India Microlending Faces Collapse From Defaults

Microloans, once thought to be the paving stones out of poverty, are facing a backlash in India: angered by the hundreds of millions of dollars raked in by for-profit microlending companies have led some local leaders in India to encourage their constituents to default on their loans. As a result, payments on nearly $2 billion in loans have ceased, with less than 10 percent of borrowers having made payments in the past couple of weeks, reported The New York Times. Officials now fear a repeat of the American subprime mortgage debacle.

Fox Boss Apologizes for Calling NPR Execs Nazis

Fox News chief Roger Ailes has apologized for calling NPR executives “Nazis” over their firing of Juan Williams – Ailes says that he should have called them “nasty, inflexible bigots” instead, reports CBS. Ailes called NPR the left wing of Nazism before apologizing in a letter to the Jewish Anti-Defamation League, saying he was “ad libbing.” Ailes also called for federal funding of NPR – which only makes up 1 percent of their budget – to be discontinued.

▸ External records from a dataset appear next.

(* Let $E$ be a complex vector bundle over a topological space $X$, and for $k\geq 1$ let $b^{(k)}_{\lambda}\in\mathbb{Q}$ be the universal rational coefficients defined by $$ch\big(\gamma^k(\widetilde{E})\big)=\sum_{\lambda}b^{(k)}_{\lambda}\, c_{\lambda}(E),$$ the sum running over all integer partitions $\lambda$. Fix an integer partition $\lambda=(\lambda_1,\ldots,\lambda_{l(\lambda)})=(1^{m_1(\lambda)}2^{m_2(\lambda)}\cdots)$. Then $$\sum_{k\geq1}b^{(k)}_{\lambda}\, t^k=\frac{(-1)^{|\lambda|-l(\lambda)}}{\prod_{i\geq1}m_i(\lambda)!}\sum_{\pi\in\Pi_{l(\lambda)}}\bigg\{\Big[\prod_{i=1}^{l(\pi)}(|\pi_i|-1)!\Big]\Big[\prod_{i=1}^{l(\pi)}\sum_{j=0}^{\lambda_{\pi_i}-1}\frac{S(\lambda_{\pi_i},\lambda_{\pi_i}-j)}{\binom{\lambda_{\pi_i}-1}{j}\cdot j!}(-t)^{\lambda_{\pi_i}-1-j}\Big]t^{l(\pi)}\bigg\},$$ i.e. $b^{(k)}_{\lambda}$ is the coefficient of $t^k$ on the right-hand side.
   Context: For complex vector bundles $E,F$, $\wedge_t(E):=1+\sum_{k\geq1}\wedge^k(E)t^k$ (exterior powers), extended to virtual bundles by $\wedge_t(E-F)=\wedge_t(E)[\wedge_t(F)]^{-1}\in K(X)[[t]]$. The operations $\gamma^k$ are defined by $1+\sum_{k\geq1}\gamma^k(E-F)t^k:=\wedge_{t/(1-t)}(E-F)$. $\widetilde{E}:=E-\underline{\mathbb{C}}^{\dim E}$ (subtracting the trivial bundle of the same rank). $ch$ is the Chern character. For an integer partition $\lambda=(\lambda_1\geq\cdots\geq\lambda_l>0)$: $l(\lambda)=l$ is its length, $|\lambda|=\sum\lambda_i$ its weight, $m_i(\lambda)$ the number of parts equal to $i$, and $c_\lambda(E):=\prod_{i=1}^{l(\lambda)}c_{\lambda_i}(E)$. $\Pi_n$ is the set of all set partitions of $[n]=\{1,\ldots,n\}$ into disjoint nonempty blocks; for $\pi=\{\pi_1,\ldots,\pi_{l(\pi)}\}\in\Pi_{l(\lambda)}$, $l(\pi)$ is the number of blocks, $|\pi_i|$ the cardinality of a block, and $\lambda_{\pi_i}:=\sum_{j\in\pi_i}\lambda_j$. $S(n,k)$ is the Stirling number of the second kind (number of partitions of $[n]$ into exactly $k$ blocks), with $S(n,k)=0$ if $k>n$, $S(n,0)=0$ for $n>0$, $S(0,0)=1$. *)

theory Defs
  imports "HOL-Computational_Algebra.Computational_Algebra" "HOL-Combinatorics.Stirling"
          "HOL-Library.Disjoint_Sets"
begin
(* If $f(z)=\sum_{k=1}^\infty b_k z^k$ is analytic in $\mathbb{D}$ with $\|f\|_{\mathcal{B}}\le 1$, then $$ \sum_{k=1}^n k|b_k|^2\le \frac{n^n}{(n-1)^{n-1}} \quad\text{for all } n\ge 2. $$ Moreover, $$ \frac{32}{27}\, nB_n^2\le \frac{n^n}{(n-1)^{n-1}}\le \frac{4}{e}\, nB_n^2 \quad\text{for all } n\ge 2. $$
   Context: $\mathbb{D}$ is the open unit disc. The Bloch space $\mathcal{B}$ consists of analytic functions $f$ on $\mathbb{D}$ with finite norm $\|f\|_{\mathcal{B}}=|f(0)|+\sup_{z\in\mathbb{D}}(1-|z|^2)|f'(z)|$. For $n\ge 2$, $B_n=\frac{n+1}{2n}\left(\frac{n+1}{n-1}\right)^{(n-1)/2}$. *)

theory Defs
  imports "HOL-Complex_Analysis.Complex_Analysis"
begin

definition bloch_space :: "(complex \<Rightarrow> complex) set" where
  "bloch_space = {f. f holomorphic_on ball 0 1 \<and>
     bdd_above ((\<lambda>z. (1 - (cmod z)^2) * cmod (deriv f z)) ` ball 0 1)}"

definition bloch_norm :: "(complex \<Rightarrow> complex) \<Rightarrow> real" where
  "bloch_norm f = cmod (f 0) + (SUP z\<in>ball 0 1. (1 - (cmod z)^2) * cmod (deriv f z))"

definition B_const :: "nat \<Rightarrow> real" where
  "B_const n = (real n + 1) / (2 * real n) * ((real n + 1) / (real n - 1)) powr ((real n - 1) / 2)"

end

theory Submission
  imports Defs
begin

(* On the circle |z| = r the derivative f'(z) = sum k b_k z^(k-1) is bounded by 1/(1 - r^2), so
   Gutzmer's inequality (obtained from the discrete Parseval identity at the m-th roots of unity,
   letting m tend to infinity) gives sum k^2 |b_k|^2 x^(k-1) <= 1/(1 - x)^2 for 0 <= x < 1.
   Integrating from 0 to t yields sum k |b_k|^2 t^k <= t/(1 - t), and t = 1 - 1/n gives the
   first bound. For the second, n^n/(n - 1)^(n-1) = 4 (n/(n + 1))^(n+1) n B_n^2, and
   (n/(n + 1))^(n+1) increases from 8/27 at n = 2 to its limit 1/e. *)

lemma sum_cis_orthogonality:
  assumes "j < m" "k < m"
  shows "(\<Sum>s<m. cis (2*pi*real (s*j)/m) * cnj (cis (2*pi*real (s*k)/m)))
           = (if j = k then of_nat m else 0)"
proof -
  define w where "w = cis (2*pi*j/m) / cis (2*pi*k/m)"
  have "cis (2*pi*real (s*j)/m) * cnj (cis (2*pi*real (s*k)/m)) = w ^ s" for s
  proof -
    have "w ^ s = cis (2*pi*real (s*j)/m + - (2*pi*real (s*k)/m))"
      by (simp add: w_def cis_divide Complex.DeMoivre algebra_simps diff_divide_distrib)
    then show ?thesis by (simp add: cis_mult cis_cnj)
  qed
  then have sum_eq: "(\<Sum>s<m. cis (2*pi*real (s*j)/m) * cnj (cis (2*pi*real (s*k)/m)))
                       = (\<Sum>s<m. w ^ s)"
    by simp
  show ?thesis
  proof (cases "j = k")
    case True
    then show ?thesis unfolding sum_eq by (simp add: w_def)
  next
    case False
    have m: "m > 0" using assms by simp
    have "cis (2*pi*j/m) \<noteq> cis (2*pi*k/m)"
      using Complex.bij_betw_roots_unity[OF m] assms False by (auto simp: bij_betw_def inj_on_def)
    then have "w \<noteq> 1" by (simp add: w_def)
    moreover have "w ^ m = cis (2*pi*real j) / cis (2*pi*real k)"
      using m by (simp add: w_def power_divide Complex.DeMoivre)
    then have "w ^ m = 1" by simp
    ultimately show ?thesis using False unfolding sum_eq by (simp add: geometric_sum)
  qed
qed

lemma discrete_Parseval:
  fixes a :: "nat \<Rightarrow> complex"
  assumes "m > 0"
  shows "(\<Sum>s<m. (cmod (\<Sum>j<m. a j * cis (2*pi*real (s*j)/m)))^2)
           = real m * (\<Sum>j<m. (cmod (a j))^2)"
proof -
  define e where "e s j = cis (2*pi*real (s*j)/m)" for s j
  have "complex_of_real (\<Sum>s<m. (cmod (\<Sum>j<m. a j * e s j))^2)
      = (\<Sum>s<m. (\<Sum>j<m. a j * e s j) * cnj (\<Sum>k<m. a k * e s k))"
    by (simp only: of_real_sum complex_norm_square)
  also have "\<dots> = (\<Sum>s<m. \<Sum>j<m. \<Sum>k<m. a j * cnj (a k) * (e s j * cnj (e s k)))"
    by (simp only: cnj_sum sum_product complex_cnj_mult) (simp add: mult_ac)
  also have "\<dots> = (\<Sum>j<m. \<Sum>k<m. a j * cnj (a k) * (\<Sum>s<m. e s j * cnj (e s k)))"
    by (subst sum.swap, rule sum.cong[OF refl], subst sum.swap) (simp add: sum_distrib_left)
  also have "\<dots> = (\<Sum>j<m. \<Sum>k<m. a j * cnj (a k) * (if j = k then of_nat m else 0))"
    unfolding e_def by (intro sum.cong refl arg_cong2[where f="(*)"] sum_cis_orthogonality) auto
  also have "\<dots> = (\<Sum>j<m. of_nat m * (a j * cnj (a j)))"
    by (simp add: if_distrib mult_ac cong: if_cong)
  also have "\<dots> = complex_of_real (real m * (\<Sum>j<m. (cmod (a j))^2))"
    by (simp add: sum_distrib_left complex_norm_square[symmetric])
  finally show ?thesis unfolding e_def by (simp only: of_real_eq_iff)
qed

lemma norm_power_series_partial_sum_le:
  fixes c :: "nat \<Rightarrow> 'a :: {real_normed_field, banach}"
  assumes sm: "summable (\<lambda>j. norm (c j) * norm z ^ j)"
    and bd: "norm (\<Sum>j. c j * z ^ j) \<le> M"
  shows "norm (\<Sum>j<m. c j * z ^ j) \<le> M + (\<Sum>j. norm (c (j + m)) * norm z ^ (j + m))"
proof -
  have norm_term: "norm (c j * z ^ j) = norm (c j) * norm z ^ j" for j
    by (simp add: norm_mult norm_power)
  have sm_tail: "summable (\<lambda>j. norm (c (j + m) * z ^ (j + m)))"
    unfolding norm_term by (rule summable_ignore_initial_segment[OF sm])
  have "(\<Sum>j<m. c j * z ^ j) = (\<Sum>j. c j * z ^ j) - (\<Sum>j. c (j + m) * z ^ (j + m))"
    using suminf_split_initial_segment[OF summable_norm_cancel, of "\<lambda>j. c j * z ^ j" m] sm
    by (simp add: norm_term)
  also have "norm \<dots> \<le> norm (\<Sum>j. c j * z ^ j) + norm (\<Sum>j. c (j + m) * z ^ (j + m))"
    by (rule norm_triangle_ineq4)
  also have "norm (\<Sum>j. c (j + m) * z ^ (j + m)) \<le> (\<Sum>j. norm (c (j + m)) * norm z ^ (j + m))"
    using summable_norm[OF sm_tail] by (simp add: norm_term)
  finally show ?thesis using bd by simp
qed

lemma Gutzmer_inequality:
  fixes c :: "nat \<Rightarrow> complex"
  assumes r: "r \<ge> 0" and sm: "summable (\<lambda>j. cmod (c j) * r ^ j)"
    and bd: "\<And>z. cmod z = r \<Longrightarrow> cmod (\<Sum>j. c j * z ^ j) \<le> M"
  shows "(\<Sum>j<N. (cmod (c j))^2 * r ^ (2*j)) \<le> M^2"
proof -
  define S where "S m = (\<Sum>j<m. (cmod (c j))^2 * r ^ (2*j))" for m
  define tail where "tail m = (\<Sum>j. cmod (c (j + m)) * r ^ (j + m))" for m
  have "tail = (\<lambda>m. (\<Sum>j. cmod (c j) * r ^ j) - (\<Sum>j<m. cmod (c j) * r ^ j))"
    unfolding tail_def by (intro ext) (metis add_diff_cancel_right' suminf_split_initial_segment[OF sm])
  then have tail_lim: "tail \<longlonglongrightarrow> 0"
    using tendsto_diff[OF tendsto_const summable_LIMSEQ[OF sm], of "\<Sum>j. cmod (c j) * r ^ j"] by simp
  have S_le: "S m \<le> (M + tail m)^2" if m: "m > 0" for m
  proof -
    define z where "z s = complex_of_real r * cis (2*pi*real s/m)" for s
    have norm_z: "cmod (z s) = r" for s
      using r by (simp add: z_def norm_mult)
    have "cis (2*pi*real s/m) ^ j = cis (2*pi*real (s*j)/m)" for s j
      by (simp add: Complex.DeMoivre algebra_simps)
    then have partial_sum:
        "(\<Sum>j<m. c j * z s ^ j) = (\<Sum>j<m. (c j * of_real r ^ j) * cis (2*pi*real (s*j)/m))" for s
      by (simp add: z_def power_mult_distrib mult_ac)
    have "real m * S m = (\<Sum>s<m. (cmod (\<Sum>j<m. c j * z s ^ j))^2)"
      unfolding partial_sum discrete_Parseval[OF m] S_def
      by (simp add: norm_mult norm_power power_mult_distrib power_mult abs_of_nonneg r mult_ac)
    also have "\<dots> \<le> (\<Sum>s<m. (M + tail m)^2)"
      using norm_power_series_partial_sum_le[of c "z s" M m for s] sm bd norm_z
      by (intro sum_mono power_mono) (simp_all add: tail_def)
    also have "\<dots> = real m * (M + tail m)^2" by simp
    finally show ?thesis using m by simp
  qed
  have "S N \<le> (M + tail m)^2" if "m \<ge> max N 1" for m
    using S_le[of m] that sum_mono2[of "{..<m}" "{..<N}" "\<lambda>j. (cmod (c j))^2 * r ^ (2*j)"]
    by (simp add: S_def)
  moreover have "(\<lambda>m. (M + tail m)^2) \<longlonglongrightarrow> (M + 0)^2"
    by (intro tendsto_intros tail_lim)
  ultimately have "S N \<le> (M + 0)^2"
    by (intro LIMSEQ_le_const[of "\<lambda>m. (M + tail m)^2"]) (auto intro!: exI[of _ "max N 1"])
  then show ?thesis by (simp add: S_def)
qed

lemma bloch_norm_ge:
  assumes "f \<in> bloch_space" "z \<in> ball 0 1"
  shows "cmod (f 0) + (1 - (cmod z)^2) * cmod (deriv f z) \<le> bloch_norm f"
  using cSUP_upper[OF assms(2), of "\<lambda>z. (1 - (cmod z)^2) * cmod (deriv f z)"] assms(1)
  by (simp add: bloch_norm_def bloch_space_def)

lemma deriv_eq_power_series_diffs:
  assumes sums: "\<And>z. z \<in> ball 0 1 \<Longrightarrow> (\<lambda>k. b k * z ^ k) sums f z"
    and z: "cmod z < 1"
  shows "deriv f z = (\<Sum>n. diffs b n * z ^ n)"
proof -
  have "((\<lambda>z. \<Sum>n. b n * z ^ n) has_field_derivative (\<Sum>n. diffs b n * z ^ n)) (at z)"
    using sums z by (intro termdiffs_strong'[of 1]) (auto simp: sums_iff)
  then have "(f has_field_derivative (\<Sum>n. diffs b n * z ^ n)) (at z)"
    by (rule has_field_derivative_transform_within_open[of _ _ _ "ball 0 1"])
       (use z sums in \<open>auto simp: sums_iff\<close>)
  then show ?thesis by (rule DERIV_imp_deriv)
qed

lemma bloch_diffs_square_sum_le:
  assumes sums: "\<And>z. z \<in> ball 0 1 \<Longrightarrow> (\<lambda>k. b k * z ^ k) sums f z"
    and bloch: "\<And>z. z \<in> ball 0 1 \<Longrightarrow> (1 - (cmod z)^2) * cmod (deriv f z) \<le> 1"
    and x: "0 \<le> x" "x < 1"
  shows "(\<Sum>j<N. (cmod (diffs b j))^2 * x ^ j) \<le> (1 / (1 - x))^2"
proof -
  define r where "r = sqrt x"
  have r: "0 \<le> r" "r < 1" "r^2 = x" using x by (auto simp: r_def)
  have "summable (\<lambda>n. diffs b n * w ^ n)" if "norm w < 1" for w
    using sums that by (intro termdiff_converges[of w 1]) (auto simp: sums_iff)
  moreover have "cmod (complex_of_real ((1 + r) / 2)) = (1 + r) / 2"
    using r by (simp only: norm_of_real) simp
  ultimately have "summable (\<lambda>j. norm (diffs b j * of_real r ^ j))"
    using r by (intro powser_insidea[of _ "of_real ((1 + r) / 2)"]) auto
  then have summable: "summable (\<lambda>j. cmod (diffs b j) * r ^ j)"
    using r by (simp add: norm_mult norm_power)
  have "cmod (\<Sum>j. diffs b j * z ^ j) \<le> 1 / (1 - x)" if "cmod z = r" for z
  proof -
    have "(1 - x) * cmod (deriv f z) \<le> 1" using bloch[of z] that r by auto
    then show ?thesis
      using deriv_eq_power_series_diffs[OF sums, of z] that r x by (simp add: field_simps)
  qed
  from Gutzmer_inequality[OF r(1) summable this]
  show ?thesis using r by (simp add: power_mult)
qed

lemma sum_power_le_of_deriv_le:
  fixes d :: "nat \<Rightarrow> real"
  assumes deriv_le:
      "\<And>x. 0 \<le> x \<Longrightarrow> x < 1 \<Longrightarrow> (\<Sum>j<n. real (Suc j) * d j * x ^ j) \<le> 1 / (1 - x)^2"
    and t: "0 \<le> t" "t < 1"
  shows "(\<Sum>j<n. d j * t ^ Suc j) \<le> t / (1 - t)"
proof -
  define H where "H = (\<lambda>x. x / (1 - x) - (\<Sum>j<n. d j * x ^ Suc j))"
  have H_deriv: "x \<noteq> 1 \<Longrightarrow>
      (H has_real_derivative 1 / (1 - x)^2 - (\<Sum>j<n. real (Suc j) * d j * x ^ j)) (at x)" for x
    unfolding H_def
    by (rule derivative_eq_intros refl DERIV_pow | simp)+
       (simp_all add: power2_eq_square divide_simps mult_ac)
  have "H 0 \<le> H t"
  proof (rule DERIV_nonneg_imp_nondecreasing[OF t(1)])
    fix x assume x: "0 \<le> x" "x \<le> t"
    have "(H has_real_derivative 1 / (1 - x)^2 - (\<Sum>j<n. real (Suc j) * d j * x ^ j)) (at x)"
      using x t by (intro H_deriv) simp
    moreover have "0 \<le> 1 / (1 - x)^2 - (\<Sum>j<n. real (Suc j) * d j * x ^ j)"
      using deriv_le[of x] x t by simp
    ultimately show "\<exists>y. (H has_real_derivative y) (at x) \<and> 0 \<le> y" by blast
  qed
  then show ?thesis by (simp add: H_def)
qed

lemma bloch_weighted_coeff_power_sum_le:
  assumes sums: "\<And>z. z \<in> ball 0 1 \<Longrightarrow> (\<lambda>k. b k * z ^ k) sums f z"
    and bloch: "\<And>z. z \<in> ball 0 1 \<Longrightarrow> (1 - (cmod z)^2) * cmod (deriv f z) \<le> 1"
    and t: "0 \<le> t" "t < 1"
  shows "(\<Sum>k=1..n. real k * (cmod (b k))^2 * t ^ k) \<le> t / (1 - t)"
proof -
  define d where "d j = real (Suc j) * (cmod (b (Suc j)))^2" for j
  have "(cmod (diffs b j))^2 = real (Suc j) * d j" for j
    unfolding diffs_def d_def norm_mult norm_of_nat by (simp add: power2_eq_square)
  then have "(\<Sum>j<n. real (Suc j) * d j * x ^ j) \<le> 1 / (1 - x)^2" if "0 \<le> x" "x < 1" for x
    using bloch_diffs_square_sum_le[OF sums bloch that, of n] by (simp add: power_divide)
  from sum_power_le_of_deriv_le[OF this t] show ?thesis
    by (simp add: d_def sum.atLeast1_atMost_eq mult_ac)
qed

lemma bloch_weighted_coeff_sum_le:
  assumes sums: "\<And>z. z \<in> ball 0 1 \<Longrightarrow> (\<lambda>k. b k * z ^ k) sums f z"
    and bloch: "\<And>z. z \<in> ball 0 1 \<Longrightarrow> (1 - (cmod z)^2) * cmod (deriv f z) \<le> 1"
    and n: "n \<ge> 2"
  shows "(\<Sum>k=1..n. real k * (cmod (b k))^2) \<le> real n ^ n / (real n - 1) ^ (n - 1)"
proof -
  define t where "t = (real n - 1) / real n"
  have t: "0 < t" "t < 1" using n by (auto simp: t_def)
  have "(\<Sum>k=1..n. real k * (cmod (b k))^2) * t ^ n
      \<le> (\<Sum>k=1..n. real k * (cmod (b k))^2 * t ^ k)"
    unfolding sum_distrib_right using t by (intro sum_mono mult_left_mono power_decreasing) auto
  also have "\<dots> \<le> t / (1 - t)"
    using t by (intro bloch_weighted_coeff_power_sum_le[OF sums bloch]) simp_all
  also have "\<dots> = real n - 1"
    using n by (simp add: t_def field_simps)
  also have "\<dots> = (real n ^ n / (real n - 1) ^ (n - 1)) * t ^ n"
  proof -
    have "(real n - 1) ^ n = (real n - 1) * (real n - 1) ^ (n - 1)"
      using power_Suc[of "real n - 1" "n - 1"] n by simp
    then show ?thesis using n by (simp add: t_def power_divide)
  qed
  finally show ?thesis
    by (rule mult_right_le_imp_le[OF _ zero_less_power[OF t(1)]])
qed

New Zealand Miners Missing After Explosion

Twenty-seven miners are missing after an explosion at a coal mine in New Zealand, reported the BBC, with rescuers concerned about another explosion delaying attempts to enter the mineshaft. New Zealand has not seen a mining disaster since 1967, but both the United States and Chile have recently experienced mine collapses or explosions.